Known for its ethereal grace and physical demands, the intellectual efforts involved in dancing are less appreciated. Ballet is an exercise in short-term memory. Dancers must remember a combination of movement and absorb it in their bodies. Then there are all the parts of dance that demand mental coordination—balance, quick muscle movements, the anticipation of what movement comes next, pattern recognition, body and spatial awareness. In the midst of these challenges, Louisa’s ability to remember combinations of steps is remarkable. She seems completely in her element. Rather than sitting in a chair, movement seems to help her focus. This environment, this studio, is a place where she does her best learning.
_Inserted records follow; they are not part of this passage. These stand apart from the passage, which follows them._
lemma bar_d3_chain_basis_in_boundaries:
  assumes "group Q" "g \<in> carrier Q" "h \<in> carrier Q" "k \<in> carrier Q"
  shows "bar_d3 Q (chain_basis (g, h, k)) \<in> boundaries Q"
proof -
  have "chain3 Q (chain_basis (g, h, k))"
    using assms by (auto simp: chain3_def chain_basis_def)
  then have "boundary2 Q (bar_d3 Q (chain_basis (g, h, k)))"
    unfolding boundary2_def by blast
  moreover have "bar_d3 Q (chain_basis (g, h, k)) = (\<lambda>y. chain_basis (h, k) y
      - chain_basis (g \<otimes>\<^bsub>Q\<^esub> h, k) y + chain_basis (g, h \<otimes>\<^bsub>Q\<^esub> k) y - chain_basis (g, h) y)"
    by (rule ext) (rule bar_d3_chain_basis)
  moreover have "g \<otimes>\<^bsub>Q\<^esub> h \<in> carrier Q" "h \<otimes>\<^bsub>Q\<^esub> k \<in> carrier Q"
    using assms by (simp_all add: group.is_monoid monoid.m_closed)
  ultimately show ?thesis
    using assms by (simp add: boundaries_def chain2_add chain2_diff chain2_chain_basis)
qed

lemma bar_d2_eq:
  "bar_d2 G c x = (\<Sum>p\<in>{p. c p \<noteq> 0}.
     c p * (of_bool (x = snd p) - of_bool (x = fst p \<otimes>\<^bsub>G\<^esub> snd p) + of_bool (x = fst p)))"
  unfolding bar_d2_def by (rule sum.cong) (simp_all add: split_beta)

lemma cycle2_coefficient_sum:
  assumes "cycle2 G z"
  shows "(\<Sum>p\<in>{p. z p \<noteq> 0}. z p) = 0"
proof -
  define S where "S = {p. z p \<noteq> 0}"
  define V where "V = fst ` S \<union> snd ` S \<union> (\<lambda>p. fst p \<otimes>\<^bsub>G\<^esub> snd p) ` S"
  have "finite S"
    using assms by (simp add: cycle2_def chain2_def S_def)
  then have V: "finite V"
    by (simp add: V_def)
  have "0 = (\<Sum>x\<in>V. bar_d2 G z x)"
    using assms by (simp add: cycle2_def)
  also have "\<dots> = (\<Sum>p\<in>S. \<Sum>x\<in>V.
      z p * (of_bool (x = snd p) - of_bool (x = fst p \<otimes>\<^bsub>G\<^esub> snd p) + of_bool (x = fst p)))"
    unfolding bar_d2_eq S_def[symmetric] by (rule sum.swap)
  also have "\<dots> = (\<Sum>p\<in>S. z p)"
  proof (rule sum.cong[OF refl])
    fix p
    assume "p \<in> S"
    then have "snd p \<in> V" "fst p \<otimes>\<^bsub>G\<^esub> snd p \<in> V" "fst p \<in> V"
      by (auto simp: V_def)
    then show "(\<Sum>x\<in>V. z p * (of_bool (x = snd p) - of_bool (x = fst p \<otimes>\<^bsub>G\<^esub> snd p)
        + of_bool (x = fst p))) = z p"
      using V by (simp add: sum_distrib_left[symmetric] sum.distrib sum_subtractf)
  qed
  finally show ?thesis
    by (simp add: S_def)
qed

lemma push2_eq_sum:
  assumes "finite {q. c q \<noteq> 0}"
  shows "push2 f c y = (\<Sum>q\<in>{q. c q \<noteq> 0}. c q * chain_basis (f (fst q), f (snd q)) y)"
proof -
  have "{q. c q \<noteq> 0 \<and> (f (fst q), f (snd q)) = y} = {q \<in> {q. c q \<noteq> 0}. (f (fst q), f (snd q)) = y}"
    by auto
  then have "push2 f c y = (\<Sum>q\<in>{q \<in> {q. c q \<noteq> 0}. (f (fst q), f (snd q)) = y}. c q)"
    by (simp add: push2_def)
  also have "\<dots> = (\<Sum>q\<in>{q. c q \<noteq> 0}. if (f (fst q), f (snd q)) = y then c q else 0)"
    by (rule sum.inter_filter[OF assms])
  also have "\<dots> = (\<Sum>q\<in>{q. c q \<noteq> 0}. c q * chain_basis (f (fst q), f (snd q)) y)"
    by (rule sum.cong) (auto simp: chain_basis_def)
  finally show ?thesis .
qed

section \<open>Normalized 2-cocycles evaluated on 2-cycles\<close>

lemma (in comm_group) finprod_defects_over_cycle:
  assumes H: "monoid H" and z: "cycle2 H z" and \<psi>: "\<psi> \<in> carrier H \<rightarrow> carrier G"
  shows "(\<Otimes>p\<in>{p. z p \<noteq> 0}.
           (\<psi> (snd p) \<otimes> inv (\<psi> (fst p \<otimes>\<^bsub>H\<^esub> snd p)) \<otimes> \<psi> (fst p)) [^] z p) = \<one>"
proof -
  define S where "S = {p. z p \<noteq> 0}"
  define V where "V = fst ` S \<union> snd ` S \<union> (\<lambda>p. fst p \<otimes>\<^bsub>H\<^esub> snd p) ` S"
  have S: "finite S" "S \<subseteq> carrier H \<times> carrier H"
    using z by (auto simp: cycle2_def chain2_def S_def)
  then have V: "finite V" "V \<subseteq> carrier H"
    using monoid.m_closed[OF H] by (auto simp: V_def)
  then have \<psi>V: "\<psi> \<in> V \<rightarrow> carrier G"
    using \<psi> by blast
  have "\<one> = (\<Otimes>x\<in>V. \<psi> x [^] bar_d2 H z x)"
    using z by (simp add: cycle2_def)
  also have "\<dots> = (\<Otimes>p\<in>S. \<Otimes>x\<in>V.
      \<psi> x [^] (z p * (of_bool (x = snd p) - of_bool (x = fst p \<otimes>\<^bsub>H\<^esub> snd p) + of_bool (x = fst p))))"
    unfolding bar_d2_eq S_def[symmetric] using S(1) \<psi>V by (rule finprod_int_pow_sum)
  also have "\<dots> = (\<Otimes>p\<in>S. (\<psi> (snd p) \<otimes> inv (\<psi> (fst p \<otimes>\<^bsub>H\<^esub> snd p)) \<otimes> \<psi> (fst p)) [^] z p)"
  proof (rule finprod_cong')
    fix p
    assume "p \<in> S"
    then have "snd p \<in> V" "fst p \<otimes>\<^bsub>H\<^esub> snd p \<in> V" "fst p \<in> V"
      by (auto simp: V_def)
    then show "(\<Otimes>x\<in>V. \<psi> x [^] (z p * (of_bool (x = snd p) - of_bool (x = fst p \<otimes>\<^bsub>H\<^esub> snd p)
        + of_bool (x = fst p)))) = (\<psi> (snd p) \<otimes> inv (\<psi> (fst p \<otimes>\<^bsub>H\<^esub> snd p)) \<otimes> \<psi> (fst p)) [^] z p"
      by (rule finprod_int_pow_indicators[OF V(1) _ _ _ \<psi>V])
  next
    have "\<psi> (snd p) \<in> carrier G" "\<psi> (fst p \<otimes>\<^bsub>H\<^esub> snd p) \<in> carrier G" "\<psi> (fst p) \<in> carrier G"
      if "p \<in> S" for p
      using that V(2) \<psi> by (auto simp: V_def)
    then show "(\<lambda>p. (\<psi> (snd p) \<otimes> inv (\<psi> (fst p \<otimes>\<^bsub>H\<^esub> snd p)) \<otimes> \<psi> (fst p)) [^] z p)
        \<in> S \<rightarrow> carrier G"
      by simp
  qed simp
  finally show ?thesis
    by (simp add: S_def)
qed

lemma (in normalized_cocycle) cocycle_product_over_cycle:
  assumes G: "group G" and f: "f \<in> hom G Q"
    and sym: "\<And>a b. a \<in> carrier G \<Longrightarrow> b \<in> carrier G \<Longrightarrow>
      w (f a) (f b) = w (f b) (f a) \<and> f a \<otimes>\<^bsub>Q\<^esub> f b = f b \<otimes>\<^bsub>Q\<^esub> f a"
    and z: "cycle2 G z"
  shows "(\<Otimes>\<^bsub>M\<^esub> p\<in>{p. z p \<noteq> 0}. w (f (fst p)) (f (snd p)) [^]\<^bsub>M\<^esub> z p) = \<one>\<^bsub>M\<^esub>"
proof -
  interpret G: group G by (rule G)
  interpret f: group_hom G Q f
    using f by (simp add: group_hom_def group_hom_axioms_def G.is_group Q.is_group)
  define A where "A = f ` carrier G"
  have A: "subgroup A Q"
    unfolding A_def by (rule f.subgroup_img_is_subgroup[OF G.subgroup_self])
  define EA where "EA = E\<lparr>carrier := carrier M \<times> A\<rparr>"
  have EA: "comm_group EA"
    unfolding EA_def by (rule comm_group_cocycle_ext_restrict[OF A]) (auto simp: A_def sym)
  interpret EA: comm_group EA by (rule EA)
  define \<psi> where "\<psi> x = (\<one>\<^bsub>M\<^esub>, f x)" for x
  define \<iota> :: "'m \<Rightarrow> 'm \<times> 'q" where "\<iota> m = (m, \<one>\<^bsub>Q\<^esub>)" for m
  have \<iota>: "\<iota> \<in> hom M EA"
    using subgroup.one_closed[OF A] by (intro homI) (auto simp: \<iota>_def EA_def)
  have \<psi>: "\<psi> \<in> carrier G \<rightarrow> carrier EA"
    by (auto simp: \<psi>_def EA_def A_def)
  have defect: "\<psi> h \<otimes>\<^bsub>EA\<^esub> inv\<^bsub>EA\<^esub> (\<psi> (g \<otimes>\<^bsub>G\<^esub> h)) \<otimes>\<^bsub>EA\<^esub> \<psi> g = \<iota> (w (f g) (f h))"
    if "g \<in> carrier G" "h \<in> carrier G" for g h
  proof -
    have carr: "\<psi> g \<in> carrier EA" "\<psi> h \<in> carrier EA" "\<psi> (g \<otimes>\<^bsub>G\<^esub> h) \<in> carrier EA"
      "\<iota> (w (f g) (f h)) \<in> carrier EA"
      using that \<psi> hom_in_carrier[OF \<iota>] by auto
    have "\<psi> h \<otimes>\<^bsub>EA\<^esub> inv\<^bsub>EA\<^esub> (\<psi> (g \<otimes>\<^bsub>G\<^esub> h)) \<otimes>\<^bsub>EA\<^esub> \<psi> g
        = (\<psi> g \<otimes>\<^bsub>EA\<^esub> \<psi> h) \<otimes>\<^bsub>EA\<^esub> inv\<^bsub>EA\<^esub> (\<psi> (g \<otimes>\<^bsub>G\<^esub> h))"
      using carr by (simp add: EA.m_ac)
    also have "\<dots> = \<iota> (w (f g) (f h))"
    proof (rule iffD2[OF EA.inv_solve_right'])
      show "\<psi> g \<otimes>\<^bsub>EA\<^esub> \<psi> h = \<iota> (w (f g) (f h)) \<otimes>\<^bsub>EA\<^esub> \<psi> (g \<otimes>\<^bsub>G\<^esub> h)"
        using that by (simp add: \<psi>_def \<iota>_def EA_def)
    qed (use carr in auto)
    finally show ?thesis .
  qed
  define S where "S = {p. z p \<noteq> 0}"
  have S: "S \<subseteq> carrier G \<times> carrier G"
    using z by (auto simp: cycle2_def chain2_def S_def)
  have "\<one>\<^bsub>EA\<^esub> = (\<Otimes>\<^bsub>EA\<^esub> p\<in>S.
      (\<psi> (snd p) \<otimes>\<^bsub>EA\<^esub> inv\<^bsub>EA\<^esub> (\<psi> (fst p \<otimes>\<^bsub>G\<^esub> snd p)) \<otimes>\<^bsub>EA\<^esub> \<psi> (fst p)) [^]\<^bsub>EA\<^esub> z p)"
    unfolding S_def by (rule EA.finprod_defects_over_cycle[OF G.is_monoid z \<psi>, symmetric])
  also have "\<dots> = (\<Otimes>\<^bsub>EA\<^esub> p\<in>S. \<iota> (w (f (fst p)) (f (snd p)) [^]\<^bsub>M\<^esub> z p))"
    using S defect hom_int_pow[OF \<iota> _ M.is_group EA.is_group] hom_in_carrier[OF \<iota>]
    by (intro EA.finprod_cong') auto
  also have "\<dots> = \<iota> (\<Otimes>\<^bsub>M\<^esub> p\<in>S. w (f (fst p)) (f (snd p)) [^]\<^bsub>M\<^esub> z p)"
    using S by (intro hom_finprod_comm_group[OF M.comm_group_axioms EA \<iota>, symmetric]) auto
  finally show ?thesis
    by (simp add: \<iota>_def EA_def S_def)
qed

section \<open>The universal cocycle\<close>

definition chains_mod_boundaries :: "('q, 'd) monoid_scheme \<Rightarrow> ('q \<times> 'q \<Rightarrow> int) set monoid" where
  "chains_mod_boundaries Q = chain_group Q Mod boundaries Q"

definition chain_class :: "('q, 'd) monoid_scheme \<Rightarrow> ('q \<times> 'q \<Rightarrow> int) \<Rightarrow> ('q \<times> 'q \<Rightarrow> int) set" where
  "chain_class Q c = boundaries Q #>\<^bsub>chain_group Q\<^esub> c"

lemma normal_boundaries: "boundaries Q \<lhd> chain_group Q"
  by (rule chain_group.subgroup_imp_normal[OF subgroup_boundaries])

lemma comm_group_chains_mod_boundaries: "comm_group (chains_mod_boundaries Q)"
  unfolding chains_mod_boundaries_def by (rule chain_group.abelian_FactGroup[OF subgroup_boundaries])

interpretation chains_mod_boundaries: comm_group "chains_mod_boundaries Q"
  by (rule comm_group_chains_mod_boundaries)

lemma group_hom_chain_class: "group_hom (chain_group Q) (chains_mod_boundaries Q) (chain_class Q)"
  unfolding group_hom_def group_hom_axioms_def chains_mod_boundaries_def chain_class_def
  using normal.r_coset_hom_Mod[OF normal_boundaries] normal.factorgroup_is_group[OF normal_boundaries]
  by (simp add: chain_group.is_group)
    blast

lemma chain_class_eq_one_iff:
  assumes "c \<in> carrier (chain_group Q)"
  shows "chain_class Q c = \<one>\<^bsub>chains_mod_boundaries Q\<^esub> \<longleftrightarrow> c \<in> boundaries Q"
  using chain_group.rcos_self[OF assms subgroup_boundaries]
    subgroup.rcos_const[OF subgroup_boundaries chain_group.is_group]
  by (auto simp: chain_class_def chains_mod_boundaries_def)

lemma chain_class_eq:
  assumes c: "c \<in> carrier (chain_group Q)" and c': "c' \<in> carrier (chain_group Q)"
    and diff: "(\<lambda>y. c y - c' y) \<in> boundaries Q"
  shows "chain_class Q c = chain_class Q c'"
proof -
  interpret quotient: group_hom "chain_group Q" "chains_mod_boundaries Q" "chain_class Q"
    by (rule group_hom_chain_class)
  have diff_carrier: "(\<lambda>y. c y - c' y) \<in> carrier (chain_group Q)"
    using diff by (simp add: boundaries_def)
  have "chain_class Q c = chain_class Q ((\<lambda>y. c y - c' y) \<otimes>\<^bsub>chain_group Q\<^esub> c')"
    by simp
  also have "\<dots> = chain_class Q (\<lambda>y. c y - c' y) \<otimes>\<^bsub>chains_mod_boundaries Q\<^esub> chain_class Q c'"
    using diff_carrier c' by (rule quotient.hom_mult)
  also have "\<dots> = chain_class Q c'"
    using diff diff_carrier c' by (simp add: chain_class_eq_one_iff)
  finally show ?thesis .
qed

definition normalized_basis :: "('q, 'd) monoid_scheme \<Rightarrow> 'q \<Rightarrow> 'q \<Rightarrow> 'q \<times> 'q \<Rightarrow> int" where
  "normalized_basis Q q q' = (\<lambda>y. chain_basis (q, q') y - chain_basis (\<one>\<^bsub>Q\<^esub>, \<one>\<^bsub>Q\<^esub>) y)"

definition bar_cocycle :: "('q, 'd) monoid_scheme \<Rightarrow> 'q \<Rightarrow> 'q \<Rightarrow> ('q \<times> 'q \<Rightarrow> int) set" where
  "bar_cocycle Q q q' = chain_class Q (normalized_basis Q q q')"

lemma normalized_basis_carrier:
  "group Q \<Longrightarrow> q \<in> carrier Q \<Longrightarrow> q' \<in> carrier Q \<Longrightarrow>
   normalized_basis Q q q' \<in> carrier (chain_group Q)"
  by (simp add: normalized_basis_def chain2_diff chain2_chain_basis group.is_monoid monoid.one_closed)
The culture of dance, especially ballet, is known for its rigid perfectionism, elitism, and exclusivity. But as I watch Louisa, I think about all the ways she is nurtured in this class. Her teacher emphasizes expression over perfection. She reminds Louisa to point her feet, but most of the time they are soft and bent, which doesn’t really seem to bother anyone too much. She stands too close to the other dancers, often vying for a spot right next to the teacher. She is on the wrong foot. I suppose that many might see Louisa’s way of dancing as a failure. Her movement isn’t quite coordinated with the music. Her arms can’t find that sweet spot between tension and grace. But none of this matters. Louisa makes a space for herself in this class. There is room for her way of dancing, and her movements are an expression of unbridled joy. Her toes may not be pointed and her legs may not be straight but she dances in a way that connects movement to something deep inside her. This is why I’m smiling. I want others to see it too. I’m watching what is possible when we give up ambition, perfection, and potential to take care of those around us.
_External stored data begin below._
lemma induced_map_star:
  assumes "A \<in> carrier (MQuot G1 (ZZ G1))" "B \<in> carrier (MQuot G1 (ZZ G1))"
  shows "induced_map (star (MQuot G1 (ZZ G1)) A B)
    = star (MQuot G2 (ZZ G2)) (induced_map A) (induced_map B)"
proof -
  obtain g h g' h' where
    g: "g \<in> carrier G1" "h \<in> carrier G2" "corresp g h"
      "A = ZZ G1 #>\<^bsub>G1\<^esub> g" "induced_map A = ZZ G2 #>\<^bsub>G2\<^esub> h"
    and g': "g' \<in> carrier G1" "h' \<in> carrier G2" "corresp g' h'"
      "B = ZZ G1 #>\<^bsub>G1\<^esub> g'" "induced_map B = ZZ G2 #>\<^bsub>G2\<^esub> h'"
    using assms by (auto elim!: rcosets_ZZ_correspE)
  have "induced_map (star (MQuot G1 (ZZ G1)) A B) = induced_map (ZZ G1 #>\<^bsub>G1\<^esub> star G1 g g')"
    using G1.star_MQuot_ZZ g g' by simp
  also have "\<dots> = ZZ G2 #>\<^bsub>G2\<^esub> star G2 h h'"
    using g g' by (intro induced_map_rcos corresp_star) simp_all
  also have "\<dots> = star (MQuot G2 (ZZ G2)) (induced_map A) (induced_map B)"
    using G2.star_MQuot_ZZ g g' by simp
  finally show ?thesis .
qed

lemma inj_on_induced_map: "inj_on induced_map (carrier (MQuot G1 (ZZ G1)))"
proof (rule inj_onI)
  fix A B assume "A \<in> carrier (MQuot G1 (ZZ G1))" "B \<in> carrier (MQuot G1 (ZZ G1))"
    and eq: "induced_map A = induced_map B"
  then obtain g h g' h' where
    g: "g \<in> carrier G1" "h \<in> carrier G2" "corresp g h"
      "A = ZZ G1 #>\<^bsub>G1\<^esub> g" "induced_map A = ZZ G2 #>\<^bsub>G2\<^esub> h"
    and g': "g' \<in> carrier G1" "h' \<in> carrier G2" "corresp g' h'"
      "B = ZZ G1 #>\<^bsub>G1\<^esub> g'" "induced_map B = ZZ G2 #>\<^bsub>G2\<^esub> h'"
    by (auto elim!: rcosets_ZZ_correspE)
  have "h \<in> ZZ G2 #>\<^bsub>G2\<^esub> h'"
    using eq g g' G2.rcos_self[OF g(2) G2.subgroup_ZZ] by simp
  then have "g \<in> ZZ G1 #>\<^bsub>G1\<^esub> g'"
    using corresp_rcos_iff[OF g'(1) g(1) g'(2) g(2) g'(3) g(3)] by simp
  then show "A = B"
    using G1.repr_independence[OF _ g'(1) G1.subgroup_ZZ] g g' by simp
qed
It is remarkable how little the terms of the nature versus nurture debate changed during the course of the twentieth century. There is now some consensus among psychologists that intelligence is dependent on environment to a meaningful degree, and that a distinction between genetically inherited intelligence and education is more muddled than Terman suggested. But the appeal of the heritability of intelligence persists and has supported some ugly conclusions. In the 1960s, Arthur Jensen, an educational psychologist at the University of California, Berkeley, argued that the US government needed to reconsider its design and funding of compensatory education programs aimed at closing the achievement gap between disadvantaged, mostly non-white children and their white, middle-class counterparts. Achievement, of course, was measured in IQ scores. Such programs were not meeting their goals, he claimed, and their failure was because IQ scores—and the innate intelligence they claimed to measure—were immutable.
He also asserted that the importance of intelligence and our definition of the term were determined by societal demands. But that did not make the skills we associate with intelligence—processing speed, short-term memory, reasoning—any less based on genetics. He suggested that if educators really wanted to narrow the achievement gap, they should focus on teaching specific skills rather than trying to increase intelligence. This was a deeply pragmatic approach to the purpose of education. Schools should learn a child’s IQ and then teach basic skills that a student will need to get a good job after graduation. A student’s opportunities, in other words, are determined by IQ because we live in a world that prioritizes the skills that it tests. Jensen’s approach to intelligence reinforced a kind of caste system, in which social mobility was only possible if an IQ score says so.